To retrieve the URL, select it and then call ITextRange2::GetURL(&bstr). That way the bstr doesn’t have HYPERLINK and quotes. To get the friendly name, use ITextRange2::GetText2(tomNoHidden, &bstr). Then the client can insert whatever surround characters it desires. If you call GetURL() for a URL like www.msn.com, it returns http://www.msn.com (assuming you have included the AURL_ENABLEGETURL flag in your EM_AUTOURLDETECT message).
As for autoURLs, the RichEdit client enables hyperlink notifications (EN_LINK) by sending RichEdit the ENM_LINK flag in the mask included with the EM_SETEVENTMASK message. The client can enable tooltips displaying the URLs by sending the EM_SETEDITSTYLE message with the SES_HYPERLINKTOOLTIPS (8) flag.

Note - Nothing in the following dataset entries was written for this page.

lemma tilt_argmin_moreau_env:
  fixes \<phi> :: "'a::euclidean_space \<Rightarrow> ereal"
  assumes r: "0 < r" "r \<le> 1" "8 * r * \<rho> \<le> 1" and R: "0 < R"
    and lsc: "\<forall>w\<in>cball xb R. lsc_at_pt \<phi> w"
    and fx: "\<phi> xb = ereal fx"
    and minorant: "\<forall>w. ereal (fx - \<rho>/2 * (norm (w - xb))\<^sup>2) \<le> \<phi> w"
    and argmin: "tilt_argmin \<phi> xb R v = {m}"
    and v: "norm v \<le> R/16" and M: "m + r *\<^sub>R v \<in> cball xb (R/2)"
  shows "tilt_argmin (moreau_env r \<phi>) xb (R/2) v = {m + r *\<^sub>R v}"
proof -
  have xb: "xb \<in> cball xb R" using R by simp
  have "\<phi> m - ereal (inner v m) \<le> \<phi> xb - ereal (inner v xb)"
    using argmin xb unfolding tilt_argmin_def by blast
  moreover have "\<phi> m \<noteq> -\<infinity>" using minorant[rule_format, of m] by auto
  ultimately obtain p where p: "\<phi> m = ereal p" using fx by (cases "\<phi> m") auto
  define h where "h = p - inner v m"
  define S where "S = h - r/2 * (norm v)\<^sup>2"
  have near: "\<forall>w\<in>cball xb R. ereal (h + inner v w) \<le> \<phi> w"
    and near_strict: "\<forall>w\<in>cball xb R. w \<noteq> m \<longrightarrow> ereal (h + inner v w) < \<phi> w"
    using tilt_argmin_singletonD[OF argmin p] unfolding h_def by auto
  have "ereal (h + inner v xb) \<le> ereal fx" using near xb fx by metis
  then have h_le: "h \<le> fx - inner v xb" by simp
  have bounds: "ereal (S + inner v x) \<le> moreau_env r \<phi> x"
      "x \<noteq> m + r *\<^sub>R v \<Longrightarrow> ereal (S + inner v x) < moreau_env r \<phi> x"
    if x: "x \<in> cball xb (R/2)" for x
  proof -
    have nx: "norm (x - xb) \<le> R/2" using x by (simp add: dist_norm norm_minus_commute)
    have "S + inner v x + R\<^sup>2/32 \<le> fx + R\<^sup>2/16"
      using tilted_level_near_center[of r R v x xb h fx] r R v nx h_le unfolding S_def by simp
    then have "ereal (S + inner v x + R\<^sup>2/32) \<le> ereal (fx + R\<^sup>2/16)" by simp
    moreover have "ereal (fx + R\<^sup>2/16) \<le> \<phi> w + ereal (1/(2*r) * (norm (w - x))\<^sup>2)"
      if "w \<notin> cball xb R" for w
    proof (rule moreau_term_far_from_center[OF r minorant[rule_format] _ nx])
      show "0 \<le> R" using R by simp
      show "R \<le> norm (w - xb)" using that by (simp add: dist_norm norm_minus_commute)
    qed
    ultimately have "\<forall>w. w \<notin> cball xb R \<longrightarrow>
      ereal (h - r/2 * (norm v)\<^sup>2 + inner v x + R\<^sup>2/32) \<le> \<phi> w + ereal (1/(2*r) * (norm (w - x))\<^sup>2)"
      unfolding S_def by (blast intro: order_trans)
    note lower = moreau_env_ge_tilted_level[OF r(1) compact_cball lsc near near_strict _ this]
    show "ereal (S + inner v x) \<le> moreau_env r \<phi> x"
      "x \<noteq> m + r *\<^sub>R v \<Longrightarrow> ereal (S + inner v x) < moreau_env r \<phi> x"
      using lower R unfolding S_def by simp_all
  qed
  have "moreau_env r \<phi> (m + r *\<^sub>R v) \<le> \<phi> m + ereal (r/2 * (norm v)\<^sup>2)"
    using moreau_env_le_shift[OF r(1)] .
  also have "\<dots> = ereal (S + inner v (m + r *\<^sub>R v))"
    unfolding p S_def h_def by (simp add: inner_add_right power2_norm_eq_inner)
  finally show ?thesis
    using bounds by (rule tilt_argmin_eq_singletonI[OF M])
qed

lemma tilt_stable_obtain_radius:
  assumes "tilt_stable f xb \<kappa>" "0 < \<epsilon>"
  obtains R \<delta> m where "0 < R" "R \<le> \<epsilon>" "0 < \<delta>" "m 0 = xb"
    "\<forall>v\<in>ball 0 \<delta>. tilt_argmin f xb R v = {m v}" "\<kappa>-lipschitz_on (ball 0 \<delta>) m"
proof -
  obtain \<gamma> \<delta> m where \<gamma>: "0 < \<gamma>" "tilt_argmin f xb \<gamma> 0 = {xb}" and \<delta>: "0 < \<delta>"
    and argmin: "\<forall>v\<in>ball 0 \<delta>. tilt_argmin f xb \<gamma> v = {m v}" and lip: "\<kappa>-lipschitz_on (ball 0 \<delta>) m"
    using assms(1) unfolding tilt_stable_def by blast
  define R where "R = min \<epsilon> \<gamma>"
  define \<delta>' where "\<delta>' = min \<delta> (R/(\<kappa>+1))"
  have \<kappa>: "0 \<le> \<kappa>" using lipschitz_on_nonneg[OF lip] .
  have R: "0 < R" "R \<le> \<epsilon>" "R \<le> \<gamma>" using assms(2) \<gamma> by (auto simp: R_def)
  have \<delta>': "0 < \<delta>'" "ball 0 \<delta>' \<subseteq> ball 0 \<delta>" using \<delta> R \<kappa> by (auto simp: \<delta>'_def)
  have m0: "m 0 = xb" using argmin \<gamma> \<delta> by auto
  have "tilt_argmin f xb R v = {m v}" if v: "v \<in> ball 0 \<delta>'" for v
  proof (rule tilt_argmin_restrict_radius[OF _ R(3)])
    show "tilt_argmin f xb \<gamma> v = {m v}" using argmin v \<delta>' by blast
    have "v \<in> ball 0 \<delta>" using v \<delta>'(2) by blast
    then have "norm (m v - xb) \<le> \<kappa> * norm v"
      using lipschitz_on_normD[OF lip, of v 0] \<delta> m0 by simp
    also have "\<dots> \<le> \<kappa> * (R/(\<kappa>+1))" using v \<kappa> by (intro mult_left_mono) (auto simp: \<delta>'_def)
    also have "\<dots> \<le> R" using \<kappa> R by (simp add: field_simps)
    finally show "m v \<in> cball xb R" by (simp add: dist_norm norm_minus_commute)
  qed
  moreover have "\<kappa>-lipschitz_on (ball 0 \<delta>') m" using lipschitz_on_subset[OF lip \<delta>'(2)] .
  ultimately show thesis using that R(1,2) \<delta>'(1) m0 by blast
qed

To find out what kind of link a range is in or selects, get an ITextFont2 from the range (call ITextRange2::GetFont2(ppFont)) and then call ITextFont2::GetLinkType. The value returned has the following semantics
tomNoLink | 0 | Not any kind of link |
tomClientLink | 1 | Client link |
tomFriendlyLinkName | 2 | Friendly name of a friendly-name link |
tomFriendlyLinkAddress | 3 | Address of a friendly-name link |
tomAutoLinkURL | 4 | Auto URL |
tomAutoLinkEmail | 5 | Email address |
tomAutoLinkPhone | 6 | Phone number |
tomAutoLinkPath | 7 | File path |
tomNoAutoLink | 15 | Auto link recognition suppressed |
User Interface
If you only select part of the friendly name, the URL isn’t included. If you select the whole friendly name, the URL is included. If you select from inside the friendly name up through a character outside the friendly name, the whole link is selected along with whatever is selected outside the link
Consider the friendly hyperlink for the text “Hello” pointing to the URL “http://www.hello.com”. It has the following dispatch behavior:
- If the cursor is in the middle of the word “Hello” (say between “He” or “el” or “ll” or “lo”) and you hit Enter, an EN_LINK notification is sent and the client launches the link.

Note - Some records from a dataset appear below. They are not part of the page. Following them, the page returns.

text \<open>A maximising sequence for a bounded functional is Cauchy: two of its late terms
  have a long sum, so by the parallelogram law a short difference.\<close>

lemma norming_sequence_Cauchy:
  fixes f :: "'a::complex_inner \<Rightarrow> complex"
  assumes add: "\<And>x y. f (x + y) = f x + f y"
    and bnd: "\<And>w. cmod (f w) \<le> c * norm w" and c: "c > 0"
    and X: "\<And>n. norm (X n) = 1" and fX: "\<And>n. f (X n) = complex_of_real (r n)"
    and r: "\<And>n. c - c * inverse (real (Suc n)) < r n"
  shows "Cauchy X"
proof (rule metric_CauchyI)
  fix e :: real assume e: "e > 0"
  obtain N :: nat where N: "8 / e\<^sup>2 < real N" using reals_Archimedean2 by blast
  define d where "d = 2 * inverse (real (Suc N))"
  have rN: "c - c * inverse (real (Suc N)) < r n" if "n \<ge> N" for n
  proof -
    have "c * inverse (real (Suc n)) \<le> c * inverse (real (Suc N))"
      using that c by (simp add: field_simps)
    thus ?thesis using r[of n] by linarith
  qed
  have "dist (X m) (X n) < e" if m: "m \<ge> N" and n: "n \<ge> N" for m n
  proof -
    have r_nonneg: "r k \<ge> 0" for k
    proof -
      have "c * inverse (real (Suc k)) \<le> c" using c by (simp add: field_simps)
      thus ?thesis using r[of k] by linarith
    qed
    have "c * (2 - d) \<le> r m + r n" using rN[OF m] rN[OF n] unfolding d_def by (simp add: algebra_simps)
    also have "r m + r n = cmod (f (X m + X n))"
      using r_nonneg[of m] r_nonneg[of n] by (simp add: add fX flip: of_real_add)
    also have "\<dots> \<le> c * norm (X m + X n)" by (rule bnd)
    finally have "2 - d \<le> norm (X m + X n)" using c by simp
    hence "(norm (X m - X n))\<^sup>2 \<le> 4 * d"
      by (rule unit_vectors_close_if_sum_long[OF X X]) (auto simp: d_def field_simps)
    also have "4 * d < e\<^sup>2"
      using N e unfolding d_def by (simp add: field_simps) (smt (verit) zero_le_power2)
    finally have "(norm (X m - X n))\<^sup>2 < e\<^sup>2" .
    hence "norm (X m - X n) < e" by (rule power_less_imp_less_base) (use e in simp)
    thus ?thesis by (simp add: dist_norm)
  qed
  thus "\<exists>N. \<forall>m\<ge>N. \<forall>n\<ge>N. dist (X m) (X n) < e" by blast
qed

lemma bounded_functional_norming_sequence:
  fixes f :: "'a::complex_inner \<Rightarrow> complex"
  assumes hom: "\<And>a x. f (a *\<^sub>C x) = a * f x"
    and bnd: "\<And>w. cmod (f w) \<le> K * norm w" and "f x0 \<noteq> 0"
  obtains c X r where "c > 0" "\<And>w. cmod (f w) \<le> c * norm w"
    "\<And>n. norm (X n) = 1" "\<And>n. f (X n) = complex_of_real (r n)"
    "\<And>n. c - c * inverse (real (Suc n)) < r n"
proof -
  define S where "S = (\<lambda>u. cmod (f u)) ` {u. norm u = 1}"
  define c where "c = Sup S"
  have f0: "f 0 = 0" using hom[of 0 0] by simp
  have bddS: "bdd_above S" unfolding S_def
    by (rule bdd_aboveI[of _ K]) (auto, metis bnd mult.right_neutral)
  have le_c: "cmod (f u) \<le> c" if "norm u = 1" for u
    unfolding c_def S_def using that bddS unfolding S_def by (intro cSup_upper) auto
  have bnd_c: "cmod (f w) \<le> c * norm w" for w
  proof (cases "w = 0")
    case True thus ?thesis using f0 by simp
  next
    case False
    then obtain u where u: "norm u = 1" and w: "w = complex_of_real (norm w) *\<^sub>C u"
      by (rule obtain_unit_vector)
    have "cmod (f w) = norm w * cmod (f u)" by (subst w) (simp add: hom norm_mult)
    also have "\<dots> \<le> norm w * c" using le_c[OF u] by (simp add: mult_left_mono)
    finally show ?thesis by (simp add: mult.commute)
  qed
  have "x0 \<noteq> 0" using \<open>f x0 \<noteq> 0\<close> f0 by auto
  then obtain u0 where u0: "norm u0 = 1" and x0: "x0 = complex_of_real (norm x0) *\<^sub>C u0"
    by (rule obtain_unit_vector)
  have "f u0 \<noteq> 0" using \<open>f x0 \<noteq> 0\<close> by (subst (asm) x0) (simp add: hom)
  hence c: "c > 0" using le_c[OF u0] by (meson less_le_trans zero_less_norm_iff)
  have "\<exists>x r. norm x = 1 \<and> f x = complex_of_real r \<and> c - c * inverse (real (Suc n)) < r" for n
  proof -
    have "c - c * inverse (real (Suc n)) < Sup S" using c unfolding c_def by simp
    then obtain x where x: "norm x = 1" and lt: "c - c * inverse (real (Suc n)) < cmod (f x)"
      using less_cSup_iff[OF _ bddS] u0 unfolding S_def by blast
    have "c * inverse (real (Suc n)) \<le> c" using c by (simp add: field_simps)
    hence "f x \<noteq> 0" using lt by auto
    then obtain v where "norm v = norm x" "f v = complex_of_real (cmod (f x))"
      using functional_value_rotate_real hom by metis
    thus ?thesis using x lt by auto
  qed
  thus ?thesis using that c bnd_c by metis
qed

lemma bounded_functional_norm_attained:
  fixes f :: "'a::chilbert_space \<Rightarrow> complex"
  assumes add: "\<And>x y. f (x + y) = f x + f y"
    and hom: "\<And>a x. f (a *\<^sub>C x) = a * f x"
    and bnd: "\<And>w. cmod (f w) \<le> K * norm w" and "f x0 \<noteq> 0"
  obtains c L where "c > 0" "norm L = 1" "f L = complex_of_real c"
    "\<And>w. cmod (f w) \<le> c * norm w"
proof -
  obtain c X r where c: "c > 0" and bnd_c: "\<And>w. cmod (f w) \<le> c * norm w"
    and X: "\<And>n. norm (X n) = 1" and fX: "\<And>n. f (X n) = complex_of_real (r n)"
    and r: "\<And>n. c - c * inverse (real (Suc n)) < r n"
    using bounded_functional_norming_sequence[OF hom bnd \<open>f x0 \<noteq> 0\<close>] by metis
  have "Cauchy X" by (rule norming_sequence_Cauchy[OF add bnd_c c X fX r])
  then obtain L where XL: "X \<longlonglongrightarrow> L" using Cauchy_convergent_iff convergent_def by blast
  have "norm L = 1"
    using tendsto_norm[OF XL] X by (simp add: LIMSEQ_const_iff)
  interpret additive f by (rule additive.intro) (rule add)
  have "(\<lambda>n. f (X n) - f L) \<longlonglongrightarrow> 0"
  proof (rule Lim_null_comparison)
    show "\<forall>\<^sub>F n in sequentially. norm (f (X n) - f L) \<le> c * norm (X n - L)"
      using bnd_c by (simp flip: diff)
    show "(\<lambda>n. c * norm (X n - L)) \<longlonglongrightarrow> 0"
      using XL by (intro tendsto_mult_right_zero tendsto_norm_zero LIM_zero)
  qed
  hence f_lim: "(\<lambda>n. f (X n)) \<longlonglongrightarrow> f L" by (rule LIM_zero_cancel)
  have "r \<longlonglongrightarrow> c"
  proof (rule tendsto_sandwich[of "\<lambda>n. c - c * inverse (real (Suc n))" _ _ "\<lambda>n. c"])
    show "\<forall>\<^sub>F n in sequentially. c - c * inverse (real (Suc n)) \<le> r n"
      using r by (simp add: less_imp_le)
    show "\<forall>\<^sub>F n in sequentially. r n \<le> c"
      using bnd_c[of "X _"] X fX by (simp add: abs_le_iff)
    show "(\<lambda>n. c - c * inverse (real (Suc n))) \<longlonglongrightarrow> c"
      using tendsto_diff[OF tendsto_const tendsto_mult_right_zero[OF LIMSEQ_inverse_real_of_nat]]
      by simp
  qed simp
  hence "(\<lambda>n. f (X n)) \<longlonglongrightarrow> complex_of_real c" using fX by (simp add: tendsto_of_real)
  hence "f L = complex_of_real c" using f_lim LIMSEQ_unique by blast
  thus ?thesis using that c \<open>norm L = 1\<close> bnd_c by blast
qed

lemma Riesz_representation:
  fixes f :: "'a::chilbert_space \<Rightarrow> complex"
  assumes add: "\<And>x y. f (x + y) = f x + f y"
    and hom: "\<And>a x. f (a *\<^sub>C x) = a * f x"
    and bnd: "\<And>w. cmod (f w) \<le> K * norm w"
  shows "\<exists>z. \<forall>y. f y = cinner y z"
proof (cases "\<forall>x. f x = 0")
  case True thus ?thesis by (intro exI[of _ 0]) simp
next
  case False
  then obtain c L where "c > 0" "norm L = 1" "f L = complex_of_real c"
    "\<And>w. cmod (f w) \<le> c * norm w"
    using bounded_functional_norm_attained[OF add hom bnd] by metis
  thus ?thesis using functional_eq_cinner_norming_vector[OF add hom] by metis
qed

text \<open>Both members of an adjoint pair are automatically linear; \<open>cadjoint_pair S S\<close> says
  that \<open>S\<close> is selfadjoint.\<close>

definition cadjoint_pair :: "('a::complex_inner \<Rightarrow> 'a) \<Rightarrow> ('a \<Rightarrow> 'a) \<Rightarrow> bool" where
  "cadjoint_pair B B' \<longleftrightarrow> (\<forall>x y. cinner (B x) y = cinner x (B' y))"

lemma cadjoint_pairD: "cadjoint_pair B B' \<Longrightarrow> cinner (B x) y = cinner x (B' y)"
  unfolding cadjoint_pair_def by blast

lemma cadjoint_pair_sym: "cadjoint_pair B B' \<Longrightarrow> cadjoint_pair B' B"
  unfolding cadjoint_pair_def by (metis cinner_conj_commute)

lemma cadjoint_pair_add:
  assumes "cadjoint_pair B B'"
  shows "B (x + y) = B x + B y"
  by (rule cinner_left_ext) (simp add: cadjoint_pairD[OF assms] cinner_add_left)

lemma cadjoint_pair_scaleC:
  assumes "cadjoint_pair B B'"
  shows "B (c *\<^sub>C x) = c *\<^sub>C B x"
  by (rule cinner_left_ext) (simp add: cadjoint_pairD[OF assms] cinner_scaleC_left)

lemma cadjoint_pair_diff:
  assumes "cadjoint_pair B B'"
  shows "B (x - y) = B x - B y"
  by (rule cinner_left_ext) (simp add: cadjoint_pairD[OF assms] cinner_diff_left)

lemma cadjoint_pair_zero:
  assumes "cadjoint_pair B B'"
  shows "B 0 = 0"
  using cadjoint_pair_diff[OF assms, of 0 0] by simp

- However if the cursor precedes the “H” or follows the “o”, no EN_LINK notification is sent and an end of paragraph is inserted.
Word has the same behavior for the Enter key. The problem is that the Enter key is also used for inserting a paragraph break. So in these edge cases, a choice had to be made and the usual meaning of Enter prevailed. If there’s pointer access to a link, e.g., mouse or touch, the hyperlink can be launched easily that way.
What was the rationale for requiring quotes on the URL passed to SetURL? Future expansion like “http:…”nohandcursor=1 ?
MSDN mentions a 0xFDDF sentinel prefix, what is that and why would you want to use it?
Quotes appear in the internal format. Probably SetURL() shouldn’t require them in the BSTR since SetURL() could add them. OneNote requested the sentinel prefix, perhaps to find friendly-name hyperlinks by examining the plain-text. I didn’t notice that MSDN mentioned it, or I would have documented it in the post.